Task details ->
Please filter the data below down to the lines holding the string "dots".

------

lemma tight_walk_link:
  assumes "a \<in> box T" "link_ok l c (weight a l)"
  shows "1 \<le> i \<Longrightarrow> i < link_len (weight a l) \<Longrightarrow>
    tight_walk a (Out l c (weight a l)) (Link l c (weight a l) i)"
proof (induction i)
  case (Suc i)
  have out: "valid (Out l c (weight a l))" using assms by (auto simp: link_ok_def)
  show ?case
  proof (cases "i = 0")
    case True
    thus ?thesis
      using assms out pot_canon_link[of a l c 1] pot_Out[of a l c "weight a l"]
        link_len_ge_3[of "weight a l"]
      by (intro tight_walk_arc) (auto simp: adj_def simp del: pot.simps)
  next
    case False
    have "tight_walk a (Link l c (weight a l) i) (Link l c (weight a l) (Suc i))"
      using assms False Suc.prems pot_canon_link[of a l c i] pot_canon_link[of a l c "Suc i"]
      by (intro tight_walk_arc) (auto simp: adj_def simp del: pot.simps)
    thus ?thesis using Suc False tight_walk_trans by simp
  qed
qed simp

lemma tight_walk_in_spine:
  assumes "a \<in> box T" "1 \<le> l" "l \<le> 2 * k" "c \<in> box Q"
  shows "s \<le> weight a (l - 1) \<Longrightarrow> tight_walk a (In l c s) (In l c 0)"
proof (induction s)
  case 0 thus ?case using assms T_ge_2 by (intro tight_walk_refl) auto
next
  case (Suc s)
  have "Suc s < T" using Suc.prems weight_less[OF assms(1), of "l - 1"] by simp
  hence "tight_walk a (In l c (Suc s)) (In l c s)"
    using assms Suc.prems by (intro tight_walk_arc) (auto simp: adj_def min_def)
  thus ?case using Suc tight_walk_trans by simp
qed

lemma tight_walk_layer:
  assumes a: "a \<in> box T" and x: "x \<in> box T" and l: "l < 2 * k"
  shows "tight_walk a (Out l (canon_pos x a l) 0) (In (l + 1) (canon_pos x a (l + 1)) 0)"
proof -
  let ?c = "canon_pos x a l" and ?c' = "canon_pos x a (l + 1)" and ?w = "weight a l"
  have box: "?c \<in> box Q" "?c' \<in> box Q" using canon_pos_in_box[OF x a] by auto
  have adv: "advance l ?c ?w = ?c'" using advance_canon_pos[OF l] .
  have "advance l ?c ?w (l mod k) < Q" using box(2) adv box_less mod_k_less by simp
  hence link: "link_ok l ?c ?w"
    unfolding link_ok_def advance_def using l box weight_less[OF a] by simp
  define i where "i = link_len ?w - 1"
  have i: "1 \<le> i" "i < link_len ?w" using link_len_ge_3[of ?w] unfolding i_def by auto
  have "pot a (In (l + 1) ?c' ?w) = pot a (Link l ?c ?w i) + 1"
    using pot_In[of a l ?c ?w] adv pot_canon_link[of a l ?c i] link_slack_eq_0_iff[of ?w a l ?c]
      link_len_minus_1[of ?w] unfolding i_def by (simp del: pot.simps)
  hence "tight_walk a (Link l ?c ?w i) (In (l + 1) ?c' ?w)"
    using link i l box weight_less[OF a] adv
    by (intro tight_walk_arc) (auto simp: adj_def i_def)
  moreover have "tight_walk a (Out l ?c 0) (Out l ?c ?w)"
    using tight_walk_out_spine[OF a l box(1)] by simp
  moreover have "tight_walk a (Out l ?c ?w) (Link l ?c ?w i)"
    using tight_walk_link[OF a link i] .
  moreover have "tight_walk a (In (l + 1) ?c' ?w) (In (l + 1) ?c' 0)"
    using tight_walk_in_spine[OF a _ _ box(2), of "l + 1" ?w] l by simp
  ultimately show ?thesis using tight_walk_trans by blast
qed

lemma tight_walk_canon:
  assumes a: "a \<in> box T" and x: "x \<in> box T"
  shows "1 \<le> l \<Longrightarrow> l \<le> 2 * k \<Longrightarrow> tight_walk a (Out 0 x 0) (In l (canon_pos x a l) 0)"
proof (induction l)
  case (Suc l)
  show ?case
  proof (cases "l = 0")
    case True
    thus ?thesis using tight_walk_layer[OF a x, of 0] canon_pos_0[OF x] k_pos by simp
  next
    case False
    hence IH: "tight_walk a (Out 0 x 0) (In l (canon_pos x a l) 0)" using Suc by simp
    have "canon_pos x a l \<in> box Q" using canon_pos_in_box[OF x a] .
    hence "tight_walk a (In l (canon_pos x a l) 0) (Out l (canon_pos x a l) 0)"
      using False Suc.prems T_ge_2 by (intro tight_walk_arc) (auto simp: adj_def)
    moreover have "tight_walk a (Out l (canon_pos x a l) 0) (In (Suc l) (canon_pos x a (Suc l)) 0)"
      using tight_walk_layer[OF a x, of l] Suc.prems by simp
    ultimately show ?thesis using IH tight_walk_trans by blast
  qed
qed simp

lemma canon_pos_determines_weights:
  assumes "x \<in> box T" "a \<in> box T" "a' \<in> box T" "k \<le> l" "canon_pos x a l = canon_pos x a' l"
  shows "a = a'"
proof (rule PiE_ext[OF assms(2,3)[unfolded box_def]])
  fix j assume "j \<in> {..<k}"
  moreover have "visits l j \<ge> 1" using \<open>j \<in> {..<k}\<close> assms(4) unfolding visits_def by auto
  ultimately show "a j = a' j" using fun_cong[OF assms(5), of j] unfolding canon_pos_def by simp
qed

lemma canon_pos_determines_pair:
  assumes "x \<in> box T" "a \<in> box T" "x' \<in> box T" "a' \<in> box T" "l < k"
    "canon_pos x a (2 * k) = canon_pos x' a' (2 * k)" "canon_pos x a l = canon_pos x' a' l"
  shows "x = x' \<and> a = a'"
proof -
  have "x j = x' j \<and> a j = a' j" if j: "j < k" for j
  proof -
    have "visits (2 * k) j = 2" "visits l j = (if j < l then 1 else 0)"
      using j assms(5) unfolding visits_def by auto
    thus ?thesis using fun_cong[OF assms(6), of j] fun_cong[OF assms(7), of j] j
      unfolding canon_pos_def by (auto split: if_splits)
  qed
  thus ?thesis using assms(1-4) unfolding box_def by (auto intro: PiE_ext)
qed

------

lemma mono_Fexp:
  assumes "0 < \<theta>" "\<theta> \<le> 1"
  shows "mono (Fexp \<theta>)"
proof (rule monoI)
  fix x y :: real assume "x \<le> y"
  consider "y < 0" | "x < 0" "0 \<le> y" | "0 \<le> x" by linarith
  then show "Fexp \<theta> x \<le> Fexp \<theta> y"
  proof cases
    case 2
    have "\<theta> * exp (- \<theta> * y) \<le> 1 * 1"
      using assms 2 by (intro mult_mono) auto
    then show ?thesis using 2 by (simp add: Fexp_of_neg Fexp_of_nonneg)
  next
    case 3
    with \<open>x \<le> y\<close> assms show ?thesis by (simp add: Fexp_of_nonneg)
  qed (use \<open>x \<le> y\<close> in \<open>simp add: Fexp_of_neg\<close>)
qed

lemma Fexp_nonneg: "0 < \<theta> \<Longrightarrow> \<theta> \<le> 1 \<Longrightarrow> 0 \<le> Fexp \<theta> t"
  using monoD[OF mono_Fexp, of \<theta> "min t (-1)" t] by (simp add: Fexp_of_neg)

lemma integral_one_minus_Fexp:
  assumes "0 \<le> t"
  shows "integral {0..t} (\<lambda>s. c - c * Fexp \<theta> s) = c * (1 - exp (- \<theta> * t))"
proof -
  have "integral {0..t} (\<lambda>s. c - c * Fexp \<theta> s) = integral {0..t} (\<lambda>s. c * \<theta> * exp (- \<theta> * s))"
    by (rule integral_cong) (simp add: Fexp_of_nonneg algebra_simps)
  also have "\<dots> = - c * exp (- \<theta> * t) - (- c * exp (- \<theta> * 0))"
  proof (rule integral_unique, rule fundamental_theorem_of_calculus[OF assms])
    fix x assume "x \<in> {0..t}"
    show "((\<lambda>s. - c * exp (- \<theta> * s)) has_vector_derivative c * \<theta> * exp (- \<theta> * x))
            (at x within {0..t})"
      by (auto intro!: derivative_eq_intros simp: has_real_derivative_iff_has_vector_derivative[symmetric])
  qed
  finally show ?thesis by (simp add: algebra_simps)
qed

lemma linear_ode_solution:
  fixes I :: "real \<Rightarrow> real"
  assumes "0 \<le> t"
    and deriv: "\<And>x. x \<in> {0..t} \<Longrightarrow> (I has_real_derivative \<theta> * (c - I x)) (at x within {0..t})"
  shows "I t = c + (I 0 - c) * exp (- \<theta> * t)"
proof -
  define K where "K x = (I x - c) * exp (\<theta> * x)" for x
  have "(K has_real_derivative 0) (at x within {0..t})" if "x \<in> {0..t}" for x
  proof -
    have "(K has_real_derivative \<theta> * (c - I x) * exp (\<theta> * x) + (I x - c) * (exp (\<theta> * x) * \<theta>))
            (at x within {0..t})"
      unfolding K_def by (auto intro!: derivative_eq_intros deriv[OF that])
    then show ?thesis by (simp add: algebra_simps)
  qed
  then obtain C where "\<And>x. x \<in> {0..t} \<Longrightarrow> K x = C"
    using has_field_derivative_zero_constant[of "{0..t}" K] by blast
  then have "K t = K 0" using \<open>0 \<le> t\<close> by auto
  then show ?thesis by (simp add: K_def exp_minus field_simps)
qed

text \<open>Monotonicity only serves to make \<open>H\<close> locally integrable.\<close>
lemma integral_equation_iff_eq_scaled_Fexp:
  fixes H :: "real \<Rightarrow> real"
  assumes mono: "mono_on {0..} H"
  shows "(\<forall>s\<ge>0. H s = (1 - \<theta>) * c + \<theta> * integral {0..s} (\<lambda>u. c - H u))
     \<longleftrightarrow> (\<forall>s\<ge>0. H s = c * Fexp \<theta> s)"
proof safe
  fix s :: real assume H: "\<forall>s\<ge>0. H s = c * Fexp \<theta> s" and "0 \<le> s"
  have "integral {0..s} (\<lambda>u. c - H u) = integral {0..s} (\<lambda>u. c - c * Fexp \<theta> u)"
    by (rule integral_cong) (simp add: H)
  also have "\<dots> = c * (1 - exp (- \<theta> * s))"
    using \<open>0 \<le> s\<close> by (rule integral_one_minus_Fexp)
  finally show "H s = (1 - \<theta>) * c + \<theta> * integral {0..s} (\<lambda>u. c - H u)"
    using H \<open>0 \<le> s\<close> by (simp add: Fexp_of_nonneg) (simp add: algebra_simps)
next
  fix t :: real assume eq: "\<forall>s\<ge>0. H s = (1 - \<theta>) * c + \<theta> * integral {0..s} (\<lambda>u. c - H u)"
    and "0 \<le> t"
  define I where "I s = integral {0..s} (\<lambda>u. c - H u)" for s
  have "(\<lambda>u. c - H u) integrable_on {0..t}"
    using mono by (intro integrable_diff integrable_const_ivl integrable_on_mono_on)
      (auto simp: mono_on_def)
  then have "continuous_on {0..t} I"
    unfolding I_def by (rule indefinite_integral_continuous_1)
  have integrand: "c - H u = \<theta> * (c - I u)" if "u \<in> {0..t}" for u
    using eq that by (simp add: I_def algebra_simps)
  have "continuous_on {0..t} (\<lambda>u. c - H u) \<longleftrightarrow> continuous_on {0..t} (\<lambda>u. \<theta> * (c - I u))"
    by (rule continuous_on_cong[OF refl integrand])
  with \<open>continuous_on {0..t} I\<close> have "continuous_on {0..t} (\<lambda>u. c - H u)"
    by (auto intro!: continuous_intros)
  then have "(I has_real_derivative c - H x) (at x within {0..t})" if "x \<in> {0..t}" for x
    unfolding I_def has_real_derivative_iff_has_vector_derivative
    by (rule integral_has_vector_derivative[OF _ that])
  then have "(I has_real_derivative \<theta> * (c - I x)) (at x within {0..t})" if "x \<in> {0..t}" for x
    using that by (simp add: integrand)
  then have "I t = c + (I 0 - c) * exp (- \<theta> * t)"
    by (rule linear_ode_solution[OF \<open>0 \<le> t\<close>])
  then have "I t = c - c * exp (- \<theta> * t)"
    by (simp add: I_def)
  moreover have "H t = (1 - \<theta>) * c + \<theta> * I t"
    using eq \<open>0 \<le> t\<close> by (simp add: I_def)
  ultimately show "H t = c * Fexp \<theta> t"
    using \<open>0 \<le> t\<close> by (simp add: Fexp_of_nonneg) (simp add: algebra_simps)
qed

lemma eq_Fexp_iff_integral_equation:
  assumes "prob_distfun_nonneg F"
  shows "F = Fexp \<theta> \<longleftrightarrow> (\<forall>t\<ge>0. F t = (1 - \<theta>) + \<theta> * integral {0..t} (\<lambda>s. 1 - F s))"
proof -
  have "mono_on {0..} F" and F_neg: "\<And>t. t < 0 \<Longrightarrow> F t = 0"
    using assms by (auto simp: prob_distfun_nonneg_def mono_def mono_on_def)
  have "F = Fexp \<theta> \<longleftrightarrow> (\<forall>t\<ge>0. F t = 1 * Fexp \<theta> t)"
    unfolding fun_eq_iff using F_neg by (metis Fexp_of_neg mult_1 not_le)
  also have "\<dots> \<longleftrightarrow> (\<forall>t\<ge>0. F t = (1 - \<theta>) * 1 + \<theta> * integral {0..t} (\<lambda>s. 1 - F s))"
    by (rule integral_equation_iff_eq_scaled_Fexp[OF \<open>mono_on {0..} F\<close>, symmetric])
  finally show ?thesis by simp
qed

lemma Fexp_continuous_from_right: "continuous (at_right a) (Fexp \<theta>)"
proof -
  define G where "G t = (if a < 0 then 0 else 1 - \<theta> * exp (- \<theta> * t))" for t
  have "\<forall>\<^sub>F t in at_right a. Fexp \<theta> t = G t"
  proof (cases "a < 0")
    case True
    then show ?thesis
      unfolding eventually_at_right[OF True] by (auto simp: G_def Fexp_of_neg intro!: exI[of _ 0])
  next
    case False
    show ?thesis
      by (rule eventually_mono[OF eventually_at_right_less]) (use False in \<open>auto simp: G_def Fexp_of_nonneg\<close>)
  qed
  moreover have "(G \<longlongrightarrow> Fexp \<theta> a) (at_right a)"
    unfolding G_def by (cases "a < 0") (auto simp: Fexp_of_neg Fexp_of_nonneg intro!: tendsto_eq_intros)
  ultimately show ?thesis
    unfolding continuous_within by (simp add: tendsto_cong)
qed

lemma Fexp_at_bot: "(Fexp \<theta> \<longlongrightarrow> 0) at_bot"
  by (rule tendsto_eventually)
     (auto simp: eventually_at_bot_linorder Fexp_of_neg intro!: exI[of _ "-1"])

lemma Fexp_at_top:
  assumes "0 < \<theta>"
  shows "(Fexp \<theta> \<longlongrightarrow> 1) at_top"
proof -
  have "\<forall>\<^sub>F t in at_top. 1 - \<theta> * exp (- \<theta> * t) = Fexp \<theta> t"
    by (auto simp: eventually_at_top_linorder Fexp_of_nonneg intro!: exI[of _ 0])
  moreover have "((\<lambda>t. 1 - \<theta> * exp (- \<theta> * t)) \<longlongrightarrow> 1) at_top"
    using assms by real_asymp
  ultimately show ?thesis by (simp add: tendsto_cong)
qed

------

Reply ->
  also have "\<dots> = - c * exp (- \<theta> * t) - (- c * exp (- \<theta> * 0))"
  also have "\<dots> = c * (1 - exp (- \<theta> * s))"
  also have "\<dots> \<longleftrightarrow> (\<forall>t\<ge>0. F t = (1 - \<theta>) * 1 + \<theta> * integral {0..t} (\<lambda>s. 1 - F s))"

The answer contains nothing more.